* **Description of the task**
Scan the entries below for the word "imports". Copy each line that has it.

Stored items
+-------+

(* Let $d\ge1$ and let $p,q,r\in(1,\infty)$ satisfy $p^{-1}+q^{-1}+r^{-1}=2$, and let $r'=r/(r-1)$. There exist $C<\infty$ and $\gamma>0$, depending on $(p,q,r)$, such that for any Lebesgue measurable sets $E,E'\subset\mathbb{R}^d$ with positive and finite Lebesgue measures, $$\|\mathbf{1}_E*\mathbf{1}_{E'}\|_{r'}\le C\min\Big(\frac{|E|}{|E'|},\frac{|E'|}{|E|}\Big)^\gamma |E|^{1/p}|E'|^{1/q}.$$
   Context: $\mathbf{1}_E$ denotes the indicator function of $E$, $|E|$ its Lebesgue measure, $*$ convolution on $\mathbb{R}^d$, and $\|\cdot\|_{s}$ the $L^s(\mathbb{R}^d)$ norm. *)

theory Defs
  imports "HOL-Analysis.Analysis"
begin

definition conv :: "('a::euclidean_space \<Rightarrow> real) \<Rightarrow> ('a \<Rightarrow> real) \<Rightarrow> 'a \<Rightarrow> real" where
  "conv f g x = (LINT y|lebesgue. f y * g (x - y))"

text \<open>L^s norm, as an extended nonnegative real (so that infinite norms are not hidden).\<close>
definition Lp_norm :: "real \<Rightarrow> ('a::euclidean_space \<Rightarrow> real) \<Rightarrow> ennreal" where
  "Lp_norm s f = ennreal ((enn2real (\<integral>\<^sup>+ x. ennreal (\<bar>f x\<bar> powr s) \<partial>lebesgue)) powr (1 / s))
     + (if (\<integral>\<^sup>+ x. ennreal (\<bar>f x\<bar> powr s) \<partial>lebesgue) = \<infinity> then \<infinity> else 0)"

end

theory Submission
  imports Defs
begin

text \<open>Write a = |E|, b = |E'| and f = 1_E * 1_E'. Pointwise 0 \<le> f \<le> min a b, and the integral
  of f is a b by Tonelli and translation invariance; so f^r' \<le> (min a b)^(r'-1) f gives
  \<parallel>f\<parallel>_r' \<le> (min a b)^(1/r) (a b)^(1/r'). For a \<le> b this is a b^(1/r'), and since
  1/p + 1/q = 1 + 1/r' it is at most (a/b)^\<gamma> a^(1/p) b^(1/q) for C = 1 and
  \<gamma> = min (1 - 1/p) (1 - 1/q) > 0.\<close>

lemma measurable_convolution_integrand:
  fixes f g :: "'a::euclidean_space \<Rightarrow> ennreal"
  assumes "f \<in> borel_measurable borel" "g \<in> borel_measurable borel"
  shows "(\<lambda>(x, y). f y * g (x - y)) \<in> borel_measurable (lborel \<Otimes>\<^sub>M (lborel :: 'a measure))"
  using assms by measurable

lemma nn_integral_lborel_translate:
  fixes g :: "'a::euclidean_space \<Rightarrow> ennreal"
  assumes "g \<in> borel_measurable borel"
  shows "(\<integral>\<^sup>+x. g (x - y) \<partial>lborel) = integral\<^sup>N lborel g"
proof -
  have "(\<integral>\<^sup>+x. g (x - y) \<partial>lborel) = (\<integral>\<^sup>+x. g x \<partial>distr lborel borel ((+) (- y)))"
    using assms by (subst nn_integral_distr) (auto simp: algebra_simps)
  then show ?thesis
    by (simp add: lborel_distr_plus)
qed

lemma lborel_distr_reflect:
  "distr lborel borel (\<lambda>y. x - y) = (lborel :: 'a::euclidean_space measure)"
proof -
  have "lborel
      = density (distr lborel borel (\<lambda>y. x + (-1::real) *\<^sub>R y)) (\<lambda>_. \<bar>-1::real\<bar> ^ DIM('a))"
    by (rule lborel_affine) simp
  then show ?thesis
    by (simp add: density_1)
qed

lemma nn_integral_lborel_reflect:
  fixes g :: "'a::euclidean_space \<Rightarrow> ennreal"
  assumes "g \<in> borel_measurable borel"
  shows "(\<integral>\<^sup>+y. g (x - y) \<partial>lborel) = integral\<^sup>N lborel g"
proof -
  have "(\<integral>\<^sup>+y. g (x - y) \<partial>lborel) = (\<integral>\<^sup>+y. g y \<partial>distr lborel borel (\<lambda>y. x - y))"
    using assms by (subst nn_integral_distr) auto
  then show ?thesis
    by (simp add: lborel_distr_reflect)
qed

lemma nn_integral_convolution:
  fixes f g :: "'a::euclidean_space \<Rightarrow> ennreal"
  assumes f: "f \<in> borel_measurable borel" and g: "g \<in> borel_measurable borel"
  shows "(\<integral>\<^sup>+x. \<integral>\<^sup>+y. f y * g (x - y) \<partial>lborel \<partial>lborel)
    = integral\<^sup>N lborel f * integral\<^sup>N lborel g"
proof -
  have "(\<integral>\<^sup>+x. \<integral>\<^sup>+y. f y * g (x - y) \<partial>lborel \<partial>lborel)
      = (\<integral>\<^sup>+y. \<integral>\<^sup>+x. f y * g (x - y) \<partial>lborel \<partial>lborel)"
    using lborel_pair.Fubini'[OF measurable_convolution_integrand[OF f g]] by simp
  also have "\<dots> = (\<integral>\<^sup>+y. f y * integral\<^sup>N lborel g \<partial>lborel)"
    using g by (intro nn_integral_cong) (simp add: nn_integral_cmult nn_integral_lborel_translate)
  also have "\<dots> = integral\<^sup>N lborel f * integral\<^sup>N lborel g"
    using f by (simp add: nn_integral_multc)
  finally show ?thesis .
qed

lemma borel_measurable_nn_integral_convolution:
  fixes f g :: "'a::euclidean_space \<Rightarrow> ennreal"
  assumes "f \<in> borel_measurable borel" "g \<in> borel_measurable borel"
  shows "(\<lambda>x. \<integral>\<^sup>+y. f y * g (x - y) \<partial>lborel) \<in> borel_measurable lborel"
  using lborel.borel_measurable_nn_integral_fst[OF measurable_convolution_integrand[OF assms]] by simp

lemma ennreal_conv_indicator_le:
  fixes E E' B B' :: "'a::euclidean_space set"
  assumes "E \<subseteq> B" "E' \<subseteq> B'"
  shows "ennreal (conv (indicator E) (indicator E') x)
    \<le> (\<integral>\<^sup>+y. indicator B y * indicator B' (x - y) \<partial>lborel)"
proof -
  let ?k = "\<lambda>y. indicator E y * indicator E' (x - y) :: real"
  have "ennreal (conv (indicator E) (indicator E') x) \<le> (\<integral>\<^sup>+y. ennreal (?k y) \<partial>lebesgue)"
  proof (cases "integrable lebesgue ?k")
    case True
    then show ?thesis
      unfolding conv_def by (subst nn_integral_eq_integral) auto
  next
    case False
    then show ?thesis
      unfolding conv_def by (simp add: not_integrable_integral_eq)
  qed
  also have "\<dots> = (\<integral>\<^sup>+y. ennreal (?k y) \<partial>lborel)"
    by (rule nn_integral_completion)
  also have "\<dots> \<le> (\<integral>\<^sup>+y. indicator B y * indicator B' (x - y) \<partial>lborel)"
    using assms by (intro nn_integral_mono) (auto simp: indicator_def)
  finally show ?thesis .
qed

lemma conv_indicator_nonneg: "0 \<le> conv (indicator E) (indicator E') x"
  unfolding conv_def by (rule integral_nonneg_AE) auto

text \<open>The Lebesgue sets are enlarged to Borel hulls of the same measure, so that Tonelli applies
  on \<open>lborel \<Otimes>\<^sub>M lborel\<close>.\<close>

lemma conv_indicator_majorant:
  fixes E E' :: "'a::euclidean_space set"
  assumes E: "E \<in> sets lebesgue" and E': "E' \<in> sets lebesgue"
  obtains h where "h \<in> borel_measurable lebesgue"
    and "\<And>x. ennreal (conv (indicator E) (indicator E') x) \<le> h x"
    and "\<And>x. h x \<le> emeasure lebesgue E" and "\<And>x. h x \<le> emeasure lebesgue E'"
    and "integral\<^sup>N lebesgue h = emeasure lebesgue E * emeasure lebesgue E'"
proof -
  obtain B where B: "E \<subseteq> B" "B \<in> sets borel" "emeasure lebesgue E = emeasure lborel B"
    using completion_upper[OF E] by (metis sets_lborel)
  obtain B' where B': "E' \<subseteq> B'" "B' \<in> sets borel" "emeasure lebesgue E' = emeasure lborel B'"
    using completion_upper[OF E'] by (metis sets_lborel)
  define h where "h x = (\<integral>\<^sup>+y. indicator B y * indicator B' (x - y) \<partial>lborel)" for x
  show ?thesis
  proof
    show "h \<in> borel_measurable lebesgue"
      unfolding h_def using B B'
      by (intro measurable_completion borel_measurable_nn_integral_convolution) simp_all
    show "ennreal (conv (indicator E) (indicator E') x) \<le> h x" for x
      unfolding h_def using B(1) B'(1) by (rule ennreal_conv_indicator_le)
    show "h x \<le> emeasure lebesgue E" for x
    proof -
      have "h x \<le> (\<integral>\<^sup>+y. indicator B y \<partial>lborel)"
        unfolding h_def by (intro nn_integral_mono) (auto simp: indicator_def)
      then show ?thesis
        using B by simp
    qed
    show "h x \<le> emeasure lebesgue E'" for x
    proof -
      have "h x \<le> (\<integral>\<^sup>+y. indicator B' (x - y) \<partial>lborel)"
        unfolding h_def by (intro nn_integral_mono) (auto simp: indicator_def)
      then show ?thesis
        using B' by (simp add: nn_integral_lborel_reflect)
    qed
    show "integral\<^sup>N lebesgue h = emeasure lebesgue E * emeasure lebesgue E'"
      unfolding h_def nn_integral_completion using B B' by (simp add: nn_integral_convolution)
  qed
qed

+-------+

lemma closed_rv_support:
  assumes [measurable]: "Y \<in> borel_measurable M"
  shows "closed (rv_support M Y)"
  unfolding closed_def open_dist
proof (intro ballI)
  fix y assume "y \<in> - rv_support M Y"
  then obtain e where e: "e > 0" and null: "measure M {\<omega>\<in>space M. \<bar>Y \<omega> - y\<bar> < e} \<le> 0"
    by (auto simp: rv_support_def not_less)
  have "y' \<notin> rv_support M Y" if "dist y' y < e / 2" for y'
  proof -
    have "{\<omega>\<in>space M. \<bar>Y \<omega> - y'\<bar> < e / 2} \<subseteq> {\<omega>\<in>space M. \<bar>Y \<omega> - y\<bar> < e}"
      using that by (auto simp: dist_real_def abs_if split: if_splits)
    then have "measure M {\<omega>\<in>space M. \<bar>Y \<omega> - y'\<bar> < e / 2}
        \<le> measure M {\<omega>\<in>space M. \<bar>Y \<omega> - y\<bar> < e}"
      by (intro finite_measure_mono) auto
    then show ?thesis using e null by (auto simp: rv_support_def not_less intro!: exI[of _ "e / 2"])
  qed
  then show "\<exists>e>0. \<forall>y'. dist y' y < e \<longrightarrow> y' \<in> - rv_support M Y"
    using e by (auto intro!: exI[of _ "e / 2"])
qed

+-------+

* **The completed task**
  imports "HOL-Analysis.Analysis"
  imports Defs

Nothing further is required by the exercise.